Dataset excerpts:

*** Block opens ***

lemma ISR_insert_x1:
  assumes M: "ISR E V {1..r-1} M" and no_nbr: "\<forall>v\<in>M. \<not> E x1 v"
  shows "ISR E V {1..r} (insert x1 M)"
  unfolding ISR_def
proof (intro conjI ballI)
  have "x1 \<in> VJ V {1..r}"
    using x1_part r_pos unfolding VJ_def by auto
  then show "insert x1 M \<subseteq> VJ V {1..r}"
    using ISR_lower_subset[OF M] by blast
  have "stable E M"
    using M unfolding ISR_def by blast
  then show "stable E (insert x1 M)"
    using no_nbr irrefl sym unfolding stable_def by blast
  have "x1 \<notin> M"
    using M x1_notin_lower_part unfolding ISR_def VJ_def by blast
  then show "card (insert x1 M) = card {1..r}"
    using M ISR_lower_finite[OF M] r_pos unfolding ISR_def by simp
  fix i assume i: "i \<in> {1..r}"
  show "card (insert x1 M \<inter> V i) = 1"
  proof (cases "i = r")
    case True
    have "M \<inter> V r = {}"
    proof (rule ccontr)
      assume "M \<inter> V r \<noteq> {}"
      then obtain v k where "v \<in> V r" "v \<in> V k" "k \<in> {1..r-1}"
        using M unfolding ISR_def VJ_def by blast
      moreover have "k \<in> {1..r}" "k \<noteq> r"
        using \<open>k \<in> {1..r-1}\<close> by auto
      ultimately show False
        using disj[of k r] r_pos by auto
    qed
    then show ?thesis
      using True x1_part by simp
  next
    case False
    then have "i \<in> {1..r-1}"
      using i by auto
    then show ?thesis
      using M x1_notin_lower_part unfolding ISR_def by simp
  qed
qed

lemma ISR_swap:
  assumes M: "ISR E V {1..r-1} M" and j: "j \<in> {1..r-1}" and y: "y \<in> M" "y \<in> V j"
    and w: "w \<in> V j" and no_nbr: "\<forall>v\<in>M. \<not> E w v"
  shows "ISR E V {1..r-1} (insert w (M - {y}))" (is "ISR E V _ ?M'")
  unfolding ISR_def
proof (intro conjI ballI)
  show "?M' \<subseteq> VJ V {1..r-1}"
    using M j w unfolding ISR_def VJ_def by auto
  have "stable E M"
    using M unfolding ISR_def by blast
  then show "stable E ?M'"
    using no_nbr sym irrefl unfolding stable_def by blast
  have My: "M \<inter> V j = {y}"
    using ISR_part_eq_singleton[OF M j y] .
  then have "w \<notin> M - {y}"
    using w by auto
  moreover have "finite M" "card M > 0"
    using ISR_lower_finite[OF M] y by (auto simp: card_gt_0_iff)
  ultimately show "card ?M' = card {1..r-1}"
    using M y unfolding ISR_def by simp
  fix i assume i: "i \<in> {1..r-1}"
  show "card (?M' \<inter> V i) = 1"
  proof (cases "i = j")
    case True
    then have "?M' \<inter> V i = {w}"
      using My w by auto
    then show ?thesis by simp
  next
    case False
    moreover have "i \<in> {1..r}" "j \<in> {1..r}"
      using i j by auto
    ultimately have "V i \<inter> V j = {}"
      using disj by blast
    then have "?M' \<inter> V i = M \<inter> V i"
      using w y by auto
    then show ?thesis
      using M i unfolding ISR_def by simp
  qed
qed

subsection \<open>Alternating sequences\<close>

definition nbrs_in :: "'a set \<Rightarrow> 'a set \<Rightarrow> 'a set" where
  "nbrs_in M X = {v\<in>M. \<exists>x\<in>X. E x v}"

definition hit_parts :: "'a set \<Rightarrow> 'a set \<Rightarrow> nat set" where
  "hit_parts M X = {i\<in>{1..r-1}. nbrs_in M X \<inter> V i \<noteq> {}}"

definition deg :: "'a set \<Rightarrow> 'a \<Rightarrow> nat" where
  "deg M u = card {v\<in>M. E u v}"

inductive alt_seq :: "'a set \<Rightarrow> 'a list \<Rightarrow> bool" for M where
  root: "alt_seq M [x1]"
| snoc: "\<lbrakk>alt_seq M xs; z \<in> VJ V (hit_parts M (set xs)); z \<notin> set xs;
          \<forall>u\<in>set xs. \<not> E z u; \<forall>u\<in>nbrs_in M (set xs). \<not> E z u\<rbrakk> \<Longrightarrow> alt_seq M (xs @ [z])"

lemma alt_seq_x1: "alt_seq M xs \<Longrightarrow> x1 \<in> set xs"
  by (induction rule: alt_seq.induct) auto

lemma alt_seq_stable: "alt_seq M xs \<Longrightarrow> stable E (set xs)"
  by (induction rule: alt_seq.induct) (auto simp: stable_def irrefl dest: sym)

lemma alt_seq_distinct: "alt_seq M xs \<Longrightarrow> distinct xs"
  by (induction rule: alt_seq.induct) auto

lemma alt_seq_subset: "alt_seq M xs \<Longrightarrow> set xs \<subseteq> VJ V (hit_parts M (set xs)) \<union> {x1}"
proof (induction rule: alt_seq.induct)
  case (snoc xs z)
  have "VJ V (hit_parts M (set xs)) \<subseteq> VJ V (hit_parts M (set (xs @ [z])))"
    unfolding hit_parts_def nbrs_in_def by (rule VJ_mono) auto
  then show ?case using snoc by auto
qed auto

lemma alt_seq_unique_nbr:
  "alt_seq M xs \<Longrightarrow> y \<in> nbrs_in M (set xs) \<Longrightarrow> \<exists>x. {u\<in>set xs. E y u} = {x}"
proof (induction arbitrary: y rule: alt_seq.induct)
  case root
  then show ?case unfolding nbrs_in_def by (auto dest: sym)
next
  case (snoc xs z)
  show ?case
  proof (cases "y \<in> nbrs_in M (set xs)")
    case True
    then have "{u\<in>set (xs @ [z]). E y u} = {u\<in>set xs. E y u}"
      using snoc.hyps(5) sym by auto
    then show ?thesis using snoc.IH[OF True] by simp
  next
    case False
    then have "{u\<in>set (xs @ [z]). E y u} = {z}"
      using snoc.prems sym unfolding nbrs_in_def by auto
    then show ?thesis by blast
  qed
qed

lemma alt_seq_prefix:
  "alt_seq M xs \<Longrightarrow> u \<in> set xs \<Longrightarrow> \<exists>a b. xs = a @ u # b \<and> alt_seq M (a @ [u])"
proof (induction rule: alt_seq.induct)
  case root
  then show ?case using alt_seq.root by fastforce
next
  case (snoc xs z)
  show ?case
  proof (cases "u \<in> set xs")
    case True
    then obtain a b where "xs = a @ u # b" "alt_seq M (a @ [u])"
      using snoc.IH by blast
    then show ?thesis by (intro exI[of _ a] exI[of _ "b @ [z]"]) auto
  next
    case False
    then show ?thesis using snoc.prems alt_seq.snoc[OF snoc.hyps] by auto
  qed
qed

lemma alt_seq_snoc_part:
  "alt_seq M (a @ [w]) \<Longrightarrow> w \<noteq> x1 \<Longrightarrow> w \<in> VJ V (hit_parts M (set a))"
  by (erule alt_seq.cases) auto

lemma alt_seq_transfer:
  "alt_seq M xs \<Longrightarrow> \<forall>u\<in>set (butlast xs). {v\<in>M. E u v} = {v\<in>M'. E u v} \<Longrightarrow> alt_seq M' xs"
proof (induction rule: alt_seq.induct)
  case root
  show ?case by (rule alt_seq.root)
next
  case (snoc xs z)
  then have same: "\<forall>u\<in>set xs. {v\<in>M. E u v} = {v\<in>M'. E u v}"
    by simp
  then have "alt_seq M' xs"
    using snoc.IH by (simp add: in_set_butlastD)
  moreover have "nbrs_in M (set xs) = nbrs_in M' (set xs)"
    using same unfolding nbrs_in_def by blast
  ultimately show ?case
    using alt_seq.snoc snoc.hyps unfolding hit_parts_def by simp
qed

subsection \<open>Optimal configurations\<close>

definition improves :: "'a set \<Rightarrow> 'a list \<Rightarrow> 'a set \<Rightarrow> 'a list \<Rightarrow> bool" where
  "improves M xs M' xs' \<longleftrightarrow> (map (deg M) xs, map (deg M') xs') \<in> lexord {(a, b). b < a}"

*** Block closes ***

• [WORK TASK]: Copy out the entries exactly. Begin at the first line and end with the line that has "using M unfolding ISR_def VJ_def".

• [RESPONSE FOR THIS EXERCISE]:
lemma ISR_insert_x1:
  assumes M: "ISR E V {1..r-1} M" and no_nbr: "\<forall>v\<in>M. \<not> E x1 v"
  shows "ISR E V {1..r} (insert x1 M)"
  unfolding ISR_def
proof (intro conjI ballI)
  have "x1 \<in> VJ V {1..r}"
    using x1_part r_pos unfolding VJ_def by auto
  then show "insert x1 M \<subseteq> VJ V {1..r}"
    using ISR_lower_subset[OF M] by blast
  have "stable E M"
    using M unfolding ISR_def by blast
  then show "stable E (insert x1 M)"
    using no_nbr irrefl sym unfolding stable_def by blast
  have "x1 \<notin> M"
    using M x1_notin_lower_part unfolding ISR_def VJ_def by blast
  then show "card (insert x1 M) = card {1..r}"
    using M ISR_lower_finite[OF M] r_pos unfolding ISR_def by simp
  fix i assume i: "i \<in> {1..r}"
  show "card (insert x1 M \<inter> V i) = 1"
  proof (cases "i = r")
    case True
    have "M \<inter> V r = {}"
    proof (rule ccontr)
      assume "M \<inter> V r \<noteq> {}"
      then obtain v k where "v \<in> V r" "v \<in> V k" "k \<in> {1..r-1}"
        using M unfolding ISR_def VJ_def by blast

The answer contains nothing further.